Прежде чем перейти к последней точке зрения, необходимо вкратце обозреть “ближайший род” и “видовое различие” теории, т. е. общий контур “Философии символических форм”. Первый набросок этой книги восходит, по признанию Кассирера, к логико-методологической тематике “Понятия субстанции и понятия функции”. Теперь, обращаясь от структуры математического и естественнонаучного мышления к проблемам гуманитарного (geistes-wissenschaftlicher) порядка, он с самого же начала подчеркивает недостаточность общей теории познания и намечает решительное ее расширение до всего многообразия форм “понимания” мира, где каждая из форм осмысляется сообразно собственной автономной специфике. Речь идет, стало быть, о создании “морфологии” духа или новом применении трансцендентального метода, где предметом его является уже не только объективность научного познания, но и сфера чистой субъективности мира культуры. Ибо наряду с формой интеллектуального синтеза, созидающего систему научных отношений, целостность духовной жизни содержит, по Кассиреру, и другие формы синтеза, которые, будучи также способами “объективации”, или средствами подведения индивидуального под общезначимое, достигают своей цели иными, внелогическими путями.
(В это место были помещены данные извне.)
lemma rat_span_dual_lattice_sum:
  assumes "finite I" "b ` I \<subseteq> dual_lattice M"
  shows "(\<Sum>i\<in>I. of_rat (q i) *\<^sub>R b i) \<in> rat_span (dual_lattice M)"
  using assms
proof (induction I rule: finite_induct)
  case empty
  show ?case by (auto simp: rat_span_def dual_lattice_0 intro: exI[of _ 1])
next
  case (insert i I)
  then obtain N where N: "N > 0" "of_int N *\<^sub>R (\<Sum>i\<in>I. of_rat (q i) *\<^sub>R b i) \<in> dual_lattice M"
    by (auto simp: rat_span_def)
  obtain p d where pd: "quotient_of (q i) = (p, d)" by fastforce
  have d: "d > 0" "q i = of_int p / of_int d"
    using quotient_of_denom_pos[OF pd] quotient_of_div[OF pd] by auto
  have "of_int (N * d) *\<^sub>R (\<Sum>i\<in>insert i I. of_rat (q i) *\<^sub>R b i)
      = of_int (N * p) *\<^sub>R b i + of_int d *\<^sub>R (of_int N *\<^sub>R (\<Sum>i\<in>I. of_rat (q i) *\<^sub>R b i))"
    using insert.hyps d by (simp add: of_rat_divide scaleR_add_right)
  also have "\<dots> \<in> dual_lattice M"
    using insert.prems dual_lattice_scaleR_int[OF N(2), of d]
    by (intro dual_lattice_add dual_lattice_scaleR_int[of "b i"]) auto
  finally show ?case
    using N(1) d(1) unfolding rat_span_def by (intro CollectI exI[of _ "N * d"]) simp
qed

lemma dual_lattice_inner_rat_span:
  assumes "x \<in> rat_span M" "y \<in> dual_lattice M"
  shows "y \<bullet> x \<in> \<rat>"
proof -
  obtain N where N: "N > 0" "of_int N *\<^sub>R x \<in> M"
    using assms(1) by (auto simp: rat_span_def)
  then have "y \<bullet> (of_int N *\<^sub>R x) \<in> \<int>"
    using assms(2) unfolding dual_lattice_def by blast
  then have "of_int N * (y \<bullet> x) \<in> \<int>"
    by simp
  then have "of_int N * (y \<bullet> x) / of_int N \<in> \<rat>"
    using Ints_subset_Rats by (intro Rats_divide) auto
  with N(1) show ?thesis by simp
qed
Логика мыслится Кассирером как переменная величина изначальной функции сознания; наряду с ней существуют и другие, отличные от нее величины той же функции. При этом саму функцию следует понимать не как пассивное выражение наличного, а как самостоятельную духовную энергию, благодаря которой наличное только и может получить “значение”. Это правомерно в отношении как научного познания, так и искусства, мифа, религии. Образные миры последних суть порождения специфических функциональных актов. И если их символические оформления не однородны с интеллектуальными символами, то в обоих случаях имеет место равноценность духовного происхождения. “Они, — говорят Кассирер, — не различные способы, открывающие духу нечто в себе действительное, но пути объективации, т. е. самооткровения духа. Понять искусство и язык, миф и познание в этом смысле — значит выявить в них общую проблему, приводящую к общей философии гуманитарных наук” 7.
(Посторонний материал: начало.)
(* Let $\beta\in(0,1]$, $m\ge0$ an integer, and $\theta=(k_r)$ a lacunary sequence. If $\liminf_r q_r>1$, then $S^\beta(F,\Delta^m)\subset S_\theta^\beta(F,\Delta^m)$.
   Context: A fuzzy number is a map $X:\mathbb{R}\to[0,1]$ which is normal, fuzzy convex, upper semicontinuous, with compact closure of $\{t:X(t)>0\}$; $L(\mathbb{R})$ is the set of fuzzy numbers. Level sets $[X]^\alpha=\{t:X(t)\ge\alpha\}$ ($\alpha\in(0,1]$), $[X]^0=\overline{\{t:X(t)>0\}}$, are compact intervals $[u^\alpha,v^\alpha]$. Subtraction: $[X-Y]^\alpha=[u_1^\alpha-v_2^\alpha,v_1^\alpha-u_2^\alpha]$. Metric: $d(X,Y)=\sup_{\alpha\in[0,1]}\max\{|u_1^\alpha-u_2^\alpha|,|v_1^\alpha-v_2^\alpha|\}$. $(\Delta^0X)_k=X_k$, $(\Delta^1X)_k=X_k-X_{k+1}$, $(\Delta^mX)_k=(\Delta^1(\Delta^{m-1}X))_k$. A lacunary sequence is an increasing integer sequence $\theta=(k_r)_{r\ge0}$ with $k_0=0$, $h_r=k_r-k_{r-1}\to\infty$; $I_r=(k_{r-1},k_r]$, $q_r=k_r/k_{r-1}$. $S_\theta^\beta(F,\Delta^m)$: sequences $X$ of fuzzy numbers with some $X_0\in L(\mathbb{R})$ such that for all $\varepsilon>0$, $\lim_r\frac{1}{h_r^\beta}|\{k\in I_r:d(\Delta^mX_k,X_0)\ge\varepsilon\}|=0$. $S^\beta(F,\Delta^m)$: sequences $X$ with some $X_0\in L(\mathbb{R})$ such that for all $\varepsilon>0$, $\lim_{n\to\infty}\frac{1}{n^\beta}|\{k\le n:d(\Delta^mX_k,X_0)\ge\varepsilon\}|=0$. *)

theory Defs
  imports "HOL-Analysis.Analysis"
begin

type_synonym fuzzy = "real \<Rightarrow> real"

definition fuzzy_number :: "fuzzy \<Rightarrow> bool" where
  "fuzzy_number X \<longleftrightarrow>
     (\<forall>t. 0 \<le> X t \<and> X t \<le> 1) \<and>
     (\<exists>t. X t = 1) \<and>
     (\<forall>s t l. 0 \<le> l \<and> l \<le> 1 \<longrightarrow> min (X s) (X t) \<le> X (l * s + (1 - l) * t)) \<and>
     (\<forall>t a. X t < a \<longrightarrow> (\<forall>\<^sub>F s in at t. X s < a)) \<and>
     compact (closure {t. X t > 0})"

definition level :: "fuzzy \<Rightarrow> real \<Rightarrow> real set" where
  "level X \<alpha> = (if \<alpha> > 0 then {t. X t \<ge> \<alpha>} else closure {t. X t > 0})"

definition lo :: "fuzzy \<Rightarrow> real \<Rightarrow> real" where
  "lo X \<alpha> = Inf (level X \<alpha>)"

definition hi :: "fuzzy \<Rightarrow> real \<Rightarrow> real" where
  "hi X \<alpha> = Sup (level X \<alpha>)"

text \<open>Subtraction: the fuzzy number whose \<alpha>-level sets are
  [lo X \<alpha> - hi Y \<alpha>, hi X \<alpha> - lo Y \<alpha>]; its membership function is recovered
  from the level sets by the representation X(t) = sup {\<alpha> \<in> [0,1]. t \<in> [X]^\<alpha>}.\<close>
definition fsub :: "fuzzy \<Rightarrow> fuzzy \<Rightarrow> fuzzy" where
  "fsub X Y = (\<lambda>t. Sup (insert 0 {\<alpha>. \<alpha> \<in> {0..1} \<and>
                  t \<in> {lo X \<alpha> - hi Y \<alpha> .. hi X \<alpha> - lo Y \<alpha>}}))"

definition fdist :: "fuzzy \<Rightarrow> fuzzy \<Rightarrow> real" where
  "fdist X Y = (SUP \<alpha>\<in>{0..1}. max \<bar>lo X \<alpha> - lo Y \<alpha>\<bar> \<bar>hi X \<alpha> - hi Y \<alpha>\<bar>)"

fun fdelta :: "nat \<Rightarrow> (nat \<Rightarrow> fuzzy) \<Rightarrow> nat \<Rightarrow> fuzzy" where
  "fdelta 0 X k = X k"
| "fdelta (Suc m) X k = fsub (fdelta m X k) (fdelta m X (Suc k))"

definition lacunary :: "(nat \<Rightarrow> nat) \<Rightarrow> bool" where
  "lacunary \<theta> \<longleftrightarrow> \<theta> 0 = 0 \<and> strict_mono \<theta> \<and>
     filterlim (\<lambda>r. real (\<theta> (Suc r) - \<theta> r)) at_top sequentially"

text \<open>Sequences are indexed by k \<ge> 1 (the value at index 0 is irrelevant to the densities).\<close>
definition S_beta :: "real \<Rightarrow> nat \<Rightarrow> (nat \<Rightarrow> fuzzy) set" where
  "S_beta \<beta> m = {X. (\<forall>k. fuzzy_number (X k)) \<and>
     (\<exists>X0. fuzzy_number X0 \<and> (\<forall>\<epsilon>>0.
        (\<lambda>n. real (card {k \<in> {1..n}. fdist (fdelta m X k) X0 \<ge> \<epsilon>}) / real n powr \<beta>)
          \<longlonglongrightarrow> 0))}"

text \<open>h_(r+1) = \<theta>(r+1) - \<theta> r and I_(r+1) = (\<theta> r, \<theta> (r+1)].\<close>
definition S_theta_beta :: "(nat \<Rightarrow> nat) \<Rightarrow> real \<Rightarrow> nat \<Rightarrow> (nat \<Rightarrow> fuzzy) set" where
  "S_theta_beta \<theta> \<beta> m = {X. (\<forall>k. fuzzy_number (X k)) \<and>
     (\<exists>X0. fuzzy_number X0 \<and> (\<forall>\<epsilon>>0.
        (\<lambda>r. real (card {k \<in> {\<theta> r<..\<theta> (Suc r)}. fdist (fdelta m X k) X0 \<ge> \<epsilon>})
              / real (\<theta> (Suc r) - \<theta> r) powr \<beta>)
          \<longlonglongrightarrow> 0))}"

end

theory Submission
  imports Defs
begin

text \<open>If \<open>q\<^sub>r \<ge> c > 1\<close> eventually, then \<open>k\<^sub>r \<le> c/(c-1) \<cdot> h\<^sub>r\<close>, so the count of bad indices
  in \<open>I\<^sub>r\<close>, divided by \<open>h\<^sub>r\<^sup>\<beta>\<close>, is at most \<open>(c/(c-1))\<^sup>\<beta>\<close> times the count of bad indices
  in \<open>[1, k\<^sub>r]\<close> divided by \<open>k\<^sub>r\<^sup>\<beta>\<close>, which tends to zero along the subsequence \<open>(k\<^sub>r)\<close>.\<close>

lemma liminf_ratio_gt_1_imp_eventually_le_mult_gap:
  fixes x :: "nat \<Rightarrow> real"
  assumes "liminf (\<lambda>r. ereal (x (Suc r) / x r)) > 1"
    and "eventually (\<lambda>r. 0 < x r) sequentially"
  obtains K where "K > 0" "eventually (\<lambda>r. x (Suc r) \<le> K * (x (Suc r) - x r)) sequentially"
proof -
  obtain c :: real where "1 < ereal c" and c: "ereal c < liminf (\<lambda>r. ereal (x (Suc r) / x r))"
    using ereal_dense2[OF assms(1)] by blast
  then have "1 < c" by simp
  have "eventually (\<lambda>r. x (Suc r) \<le> c / (c - 1) * (x (Suc r) - x r)) sequentially"
    using less_LiminfD[OF c] assms(2)
  proof eventually_elim
    case (elim r)
    then have "c * x r < x (Suc r)" by (simp add: field_simps)
    with \<open>1 < c\<close> show ?case by (simp add: field_simps)
  qed
  moreover have "c / (c - 1) > 0" using \<open>1 < c\<close> by simp
  ultimately show thesis using that by blast
qed

lemma tendsto_zero_density_along_comparable_gaps:
  fixes f g h :: "nat \<Rightarrow> real" and s :: "nat \<Rightarrow> nat"
  assumes f: "(\<lambda>n. f n / real n powr \<beta>) \<longlonglongrightarrow> 0"
    and s: "filterlim s at_top sequentially"
    and "0 \<le> \<beta>" "0 < K"
    and bound: "eventually (\<lambda>r. 0 < s r \<and> 0 < h r \<and> real (s r) \<le> K * h r \<and>
                                  0 \<le> g r \<and> g r \<le> f (s r)) sequentially"
  shows "(\<lambda>r. g r / h r powr \<beta>) \<longlonglongrightarrow> 0"
proof (rule tendsto_sandwich[OF _ _ tendsto_const])
  have "(\<lambda>r. f (s r) / real (s r) powr \<beta>) \<longlonglongrightarrow> 0"
    using filterlim_compose[OF f s] .
  then show "(\<lambda>r. f (s r) / real (s r) powr \<beta> * K powr \<beta>) \<longlonglongrightarrow> 0"
    by (rule tendsto_mult_left_zero)
  show "eventually (\<lambda>r. 0 \<le> g r / h r powr \<beta>) sequentially"
    using bound by eventually_elim simp
  show "eventually (\<lambda>r. g r / h r powr \<beta> \<le> f (s r) / real (s r) powr \<beta> * K powr \<beta>) sequentially"
    using bound
  proof eventually_elim
    case (elim r)
    then have "real (s r) powr \<beta> \<le> (K * h r) powr \<beta>"
      using \<open>0 \<le> \<beta>\<close> by (intro powr_mono2) auto
    also have "\<dots> = K powr \<beta> * h r powr \<beta>"
      using \<open>0 < K\<close> elim by (simp add: powr_mult)
    finally have "real (s r) powr \<beta> \<le> K powr \<beta> * h r powr \<beta>" .
    then have "f (s r) * real (s r) powr \<beta> \<le> f (s r) * (K powr \<beta> * h r powr \<beta>)"
      using elim by (intro mult_left_mono) auto
    then have "f (s r) / h r powr \<beta> \<le> f (s r) / real (s r) powr \<beta> * K powr \<beta>"
      using elim by (simp add: field_simps)
    moreover have "g r / h r powr \<beta> \<le> f (s r) / h r powr \<beta>"
      using elim by (simp add: divide_right_mono)
    ultimately show ?case by linarith
  qed
qed

lemma lacunary_less_Suc:
  assumes "lacunary \<theta>"
  shows "\<theta> r < \<theta> (Suc r)"
  using assms by (simp add: lacunary_def strict_mono_Suc_iff)

lemma lacunary_pos:
  assumes "lacunary \<theta>" and "0 < r"
  shows "0 < \<theta> r"
  using assms strict_mono_less[of \<theta> 0 r] by (simp add: lacunary_def)

lemma lacunary_Suc_filterlim_at_top:
  assumes "lacunary \<theta>"
  shows "filterlim (\<lambda>r. \<theta> (Suc r)) at_top sequentially"
  using assms filterlim_compose[OF filterlim_subseq filterlim_Suc, of \<theta>]
  by (simp add: lacunary_def o_def)

lemma lacunary_eventually_le_mult_gap:
  assumes "lacunary \<theta>" and "liminf (\<lambda>r. ereal (real (\<theta> (Suc r)) / real (\<theta> r))) > 1"
  obtains K where "K > 0"
    "eventually (\<lambda>r. real (\<theta> (Suc r)) \<le> K * real (\<theta> (Suc r) - \<theta> r)) sequentially"
proof -
  have "eventually (\<lambda>r. 0 < real (\<theta> r)) sequentially"
    using eventually_gt_at_top[of 0] by eventually_elim (simp add: lacunary_pos[OF assms(1)])
  then obtain K where "K > 0" and
    "eventually (\<lambda>r. real (\<theta> (Suc r)) \<le> K * (real (\<theta> (Suc r)) - real (\<theta> r))) sequentially"
    using liminf_ratio_gt_1_imp_eventually_le_mult_gap[OF assms(2)] by blast
  with that show thesis
    using lacunary_less_Suc[OF assms(1)] by (simp add: less_imp_le of_nat_diff)
qed

theorem theorem2p9:
  fixes \<beta> :: real and m :: nat and \<theta> :: "nat \<Rightarrow> nat"
  assumes "0 < \<beta>" and "\<beta> \<le> 1"
    and "lacunary \<theta>"
    and "liminf (\<lambda>r. ereal (real (\<theta> (Suc r)) / real (\<theta> r))) > 1"
  shows "S_beta \<beta> m \<subseteq> S_theta_beta \<theta> \<beta> m"
proof
  fix X assume "X \<in> S_beta \<beta> m"
  then obtain X0 where X: "\<forall>k. fuzzy_number (X k)" and X0: "fuzzy_number X0" and
    dens: "\<And>\<epsilon>. \<epsilon> > 0 \<Longrightarrow> (\<lambda>n. real (card {k \<in> {1..n}. fdist (fdelta m X k) X0 \<ge> \<epsilon>})
                                   / real n powr \<beta>) \<longlonglongrightarrow> 0"
    unfolding S_beta_def by blast
  obtain K where "K > 0" and
    K: "eventually (\<lambda>r. real (\<theta> (Suc r)) \<le> K * real (\<theta> (Suc r) - \<theta> r)) sequentially"
    using lacunary_eventually_le_mult_gap[OF assms(3,4)] by blast
  show "X \<in> S_theta_beta \<theta> \<beta> m"
    unfolding S_theta_beta_def
  proof (intro CollectI conjI X X0 exI[of _ X0] allI impI)
    fix \<epsilon> :: real assume "\<epsilon> > 0"
    show "(\<lambda>r. real (card {k \<in> {\<theta> r<..\<theta> (Suc r)}. fdist (fdelta m X k) X0 \<ge> \<epsilon>})
              / real (\<theta> (Suc r) - \<theta> r) powr \<beta>) \<longlonglongrightarrow> 0"
      using K \<open>0 < \<beta>\<close> lacunary_less_Suc[OF assms(3)] lacunary_pos[OF assms(3)]
      by (intro tendsto_zero_density_along_comparable_gaps[OF dens[OF \<open>\<epsilon> > 0\<close>]
            lacunary_Suc_filterlim_at_top[OF assms(3)] _ \<open>K > 0\<close>])
         (auto elim!: eventually_mono intro!: card_mono)
  qed
qed

end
Такой общей проблемой оказывается единство символической функции, творящей отдельные формы культуры путем преобразования пассивного мира простых впечатлений в мир чистого духовного выражения. В этой функции “впервые доподлинно различаются духовное и чувственное сознание. Впервые здесь вместо пассивной отданности какому-то внешнему бытию появляется самостоятельная чеканка этого бытия, благодаря которой оно выступает перед нами в различных сферах и формах действительности. Миф и искусство, язык и наука в этом смысле суть чеканщики бытия” 8. Поэтому проблема культуры сводится всецело к отысканию формообразующего принципа и специфики его проявления в различных формах культурного бытия. Действительность всегда символична, и философией действительности может быть только философия символических форм. Вопрос же о том, есть ли реальность помимо символа, Кассирер считает “неуместным” 9.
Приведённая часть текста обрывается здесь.